TASK INSTRUCTIONS:
Beginning at the line that includes "then obtain b", print each remaining line of the data word for word. Output nothing else.

Stored items:
--- START ---
lemma left_node_treks_of_paths: "left_node ` treks_of_paths A B \<sigma> \<tau> = A"
proof
  show "left_node ` treks_of_paths A B \<sigma> \<tau> \<subseteq> A"
    using disjoint_path_systemsD(3)[OF \<sigma>] by (auto simp: mem_treks_of_paths left_node_def)
  show "A \<subseteq> left_node ` treks_of_paths A B \<sigma> \<tau>"
  proof
    fix a assume a: "a \<in> A"
    then obtain b where b: "b \<in> B" "hd (\<tau> b) = hd (\<sigma> a)"
      using disjoint_path_systemsD(4)[OF \<sigma>] disjoint_path_systemsD(4)[OF \<tau>] by (metis imageE imageI)
    then have "(\<sigma> a, \<tau> b) \<in> treks_of_paths A B \<sigma> \<tau>"
      unfolding mem_treks_of_paths using a by (intro bexI[of _ a] bexI[of _ b]) auto
    moreover have "left_node (\<sigma> a, \<tau> b) = a"
      using disjoint_path_systemsD(3)[OF \<sigma> a] by (simp add: left_node_def)
    ultimately show "a \<in> left_node ` treks_of_paths A B \<sigma> \<tau>" by (metis image_eqI)
  qed
qed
--- END ---
WRITTEN SOLUTION:
    then obtain b where b: "b \<in> B" "hd (\<tau> b) = hd (\<sigma> a)"
      using disjoint_path_systemsD(4)[OF \<sigma>] disjoint_path_systemsD(4)[OF \<tau>] by (metis imageE imageI)
    then have "(\<sigma> a, \<tau> b) \<in> treks_of_paths A B \<sigma> \<tau>"
      unfolding mem_treks_of_paths using a by (intro bexI[of _ a] bexI[of _ b]) auto
    moreover have "left_node (\<sigma> a, \<tau> b) = a"
      using disjoint_path_systemsD(3)[OF \<sigma> a] by (simp add: left_node_def)
    ultimately show "a \<in> left_node ` treks_of_paths A B \<sigma> \<tau>" by (metis image_eqI)
  qed
qed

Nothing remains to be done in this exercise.